EDP Sciences
Free Access
Volume 462, Number 3, February II 2007
Page(s) 851 - 864
Section Cosmology (including clusters of galaxies)
DOI https://doi.org/10.1051/0004-6361:20064834
Published online 21 November 2006

A&A 462, 851-864 (2007)
DOI: 10.1051/0004-6361:20064834

First stars VII - Lithium in extremely metal poor dwarfs

P. Bonifacio1, 2, 3, P. Molaro2, 3, T. Sivarani4, R. Cayrel2, M. Spite2, F. Spite2, B. Plez5, J. Andersen6, 7, B. Barbuy8, T. C. Beers4, E. Depagne9, V. Hill2, P. François2, B. Nordström6, and F. Primas10

1  CIFIST Marie Curie Excellence Team
2  Observatoire de Paris, GEPI, 92195 Meudon Cedex, France
    e-mail: [ Piercarlo.Bonifacio;Roger.Cayrel;Monique.Spite;Francois.Spite;Vanessa.Hill;
3  Istituto Nazionale di Astrofisica - Osservatorio Astronomico di Trieste, via Tiepolo 11, 34131 Trieste, Italy
    e-mail: molaro@ts.astro.it
4  Department of Physics & Astronomy and JINA: Joint Institute for Nuclear Astrophysics, Michigan State University, East Lansing, MI 48824, USA
    e-mail: [thirupati;beers]@pa.msu.edu
5  GRAAL, Université de Montpellier II, 34095 Montpellier Cedex 05, France
    e-mail: Bertrand.Plez@graal.univ-montp2.fr
6  The Niels Bohr Institute, Astronomy, Juliane Maries Vej 30, 2100 Copenhagen, Denmark
    e-mail: [ja;birgitta]@astro.ku.dk
7  Nordic Optical Telescope, Apartado 474, 38700 Santa Cruz de La Palma, Spain
    e-mail: ja@not.iac.es
8  Universidade de Sao Paulo, Departamento de Astronomia, Rua do Matao 1226, 05508-900 Sao Paulo, Brazil
    e-mail: barbuy@astro.iag.usp.br
9  European Southern Observatory, Casilla 19001, Santiago, Chile
    e-mail: edepagne@eso.org
10  European Southern Observatory (ESO), Karl-Schwarschild-Str. 2, 85749 Garching b. München, Germany
    e-mail: fprimas@eso.org

(Received 10 January 2006 / Accepted 2 October 2006 )

Context.The primordial lithium abundance is a key prediction of models of big bang nucleosynthesis, and its abundance in metal-poor dwarfs (the Spite plateau) is an important, independent observational constraint on such models.
Aims.This study aims to determine the level and constancy of the Spite plateau as definitively as possible from homogeneous high-quality VLT-UVES spectra of 19 of the most metal-poor dwarf stars known.
Methods.Our high-resolution ( $R\sim 43\,000$), high S/N spectra are analysed with OSMARCS 1D LTE model atmospheres and turbospectrum synthetic spectra to determine effective temperatures, surface gravities, and metallicities, as well as Li abundances for our stars.
Results.Eliminating a cool subgiant and a spectroscopic binary, we find 8 stars to have $-3.5 < \rm [Fe/H] < -3.0$ and 9 stars with $-3.0 < \rm [Fe/H] < -2.5$. Our best value for the mean level of the plateau is $A({\rm Li}) =2.10\pm 0.09$. The scatter around the mean is entirely explained by our estimate of the observational error and does not allow for any intrinsic scatter in the Li abundances.

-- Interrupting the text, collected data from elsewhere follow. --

lemma shorter_arc_le_fat:
  assumes "fat c region" "0 \<le> c"
  shows "min (sb - sa) (perim - (sb - sa)) \<le> 64 * (c + 1)\<^sup>2 * dist a b"
proof -
  obtain z0 r0 where disc0: "0 < r0" "cball z0 r0 \<subseteq> region"
    using region_contains_disc by blast
  obtain z r x R where zr: "0 < r" "cball z r \<subseteq> region" and xR: "region \<subseteq> cball x R"
    and R: "R \<le> 2 * (c + 1) * r"
    by (rule fat_discs[OF assms compact_imp_bounded[OF compact_region] disc0])
  have "z \<in> region"
    using zr by auto
  then have "dist x z \<le> R"
    using xR by auto
  then have "0 \<le> R"
    using zero_le_dist[of x z] by linarith
  then have "R\<^sup>2 \<le> (2 * (c + 1) * r)\<^sup>2"
    using R by (simp add: power_mono)
  then have "16 * R\<^sup>2 / r\<^sup>2 \<le> 16 * (2 * (c + 1) * r)\<^sup>2 / r\<^sup>2"
    by (simp add: divide_right_mono)
  also have "\<dots> = 64 * (c + 1)\<^sup>2"
    using zr(1) by (simp only: power_mult_distrib) simp
  finally have "16 * R\<^sup>2 / r\<^sup>2 \<le> 64 * (c + 1)\<^sup>2" .
  then have "16 * R\<^sup>2 / r\<^sup>2 * dist a b \<le> 64 * (c + 1)\<^sup>2 * dist a b"
    by (rule mult_right_mono) simp
  with shorter_arc_le[OF zr xR] show ?thesis
    by linarith
qed

end

lemma shorter_arc_le_if_fat:
  assumes "convex_polygon n v" "fat c (polygon_region n v)" "0 \<le> c"
    and "is_line M" "a \<noteq> b" "M \<inter> frontier (polygon_region n v) = {a, b}"
    and "at_arclen n v sa a" "at_arclen n v sb b" "sa < sb"
  shows "min (sb - sa) (perimeter n v - (sb - sa)) \<le> 64 * (c + 1)\<^sup>2 * dist a b"
proof -
  interpret ccw_polygon n v
    using assms(1) by (rule ccw_polygon.intro)
  interpret polygon_chord n v M a b sa sb
    using assms at_arclen_boundary[OF assms(7)] at_arclen_boundary[OF assms(8)]
    by (intro polygon_chord.intro polygon_chord_axioms.intro ccw_polygon_axioms) auto
  show ?thesis
    using assms(2,3) by (rule shorter_arc_le_fat)
qed

theorem lemma2p2:
  fixes c :: real
  assumes "c > 1"
  shows "\<exists>d::real. \<forall>n v M a b sa sb.
     convex_polygon n v \<and> fat c (polygon_region n v) \<and>
     is_line M \<and> a \<noteq> b \<and> M \<inter> frontier (polygon_region n v) = {a, b} \<and>
     at_arclen n v sa a \<and> at_arclen n v sb b \<longrightarrow>
     min \<bar>sa - sb\<bar> (perimeter n v - \<bar>sa - sb\<bar>) \<le> d * dist a b"
proof (intro exI allI impI, elim conjE)
  fix n v M a b sa sb
  assume h: "convex_polygon n v" "fat c (polygon_region n v)" "is_line M" "a \<noteq> b"
    "M \<inter> frontier (polygon_region n v) = {a, b}" "at_arclen n v sa a" "at_arclen n v sb b"
  have "0 \<le> c"
    using assms by simp
  consider "sa < sb" | "sa = sb" | "sb < sa"
    by linarith
  then show "min \<bar>sa - sb\<bar> (perimeter n v - \<bar>sa - sb\<bar>) \<le> 64 * (c + 1)\<^sup>2 * dist a b"
  proof cases
    case 1
    then show ?thesis
      using shorter_arc_le_if_fat[OF h(1,2) \<open>0 \<le> c\<close> h(3-7) 1] by simp
  next
    case 2
    then show ?thesis
      by (simp add: min_le_iff_disj)
  next
    case 3
    have "M \<inter> frontier (polygon_region n v) = {b, a}"
      using h(5) by (simp add: insert_commute)
    then show ?thesis
      using shorter_arc_le_if_fat[OF h(1,2) \<open>0 \<le> c\<close> h(3) _ _ h(7,6) 3] h(4) 3
      by (simp add: dist_commute)
  qed
qed

end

In addition, we conclude that a systematic error of the order of 200 K in any of the current temperature scales remains possible. The iron excitation equilibria in our stars support our adopted temperature scale, which is based on a fit to wings of the H$\alpha$ line, and disfavour hotter scales, which would lead to a higher Li abundance, but fail to achieve excitation equilibrium for iron.
Conclusions.We confirm the previously noted discrepancy between the Li abundance measured in extremely metal-poor turnoff stars and the primordial Li abundance predicted by standard Big-Bang nucleosynthesis models adopting the baryonic density inferred from WMAP. We discuss recent work explaining the discrepancy in terms of diffusion and find that uncertain temperature scales remain a major question.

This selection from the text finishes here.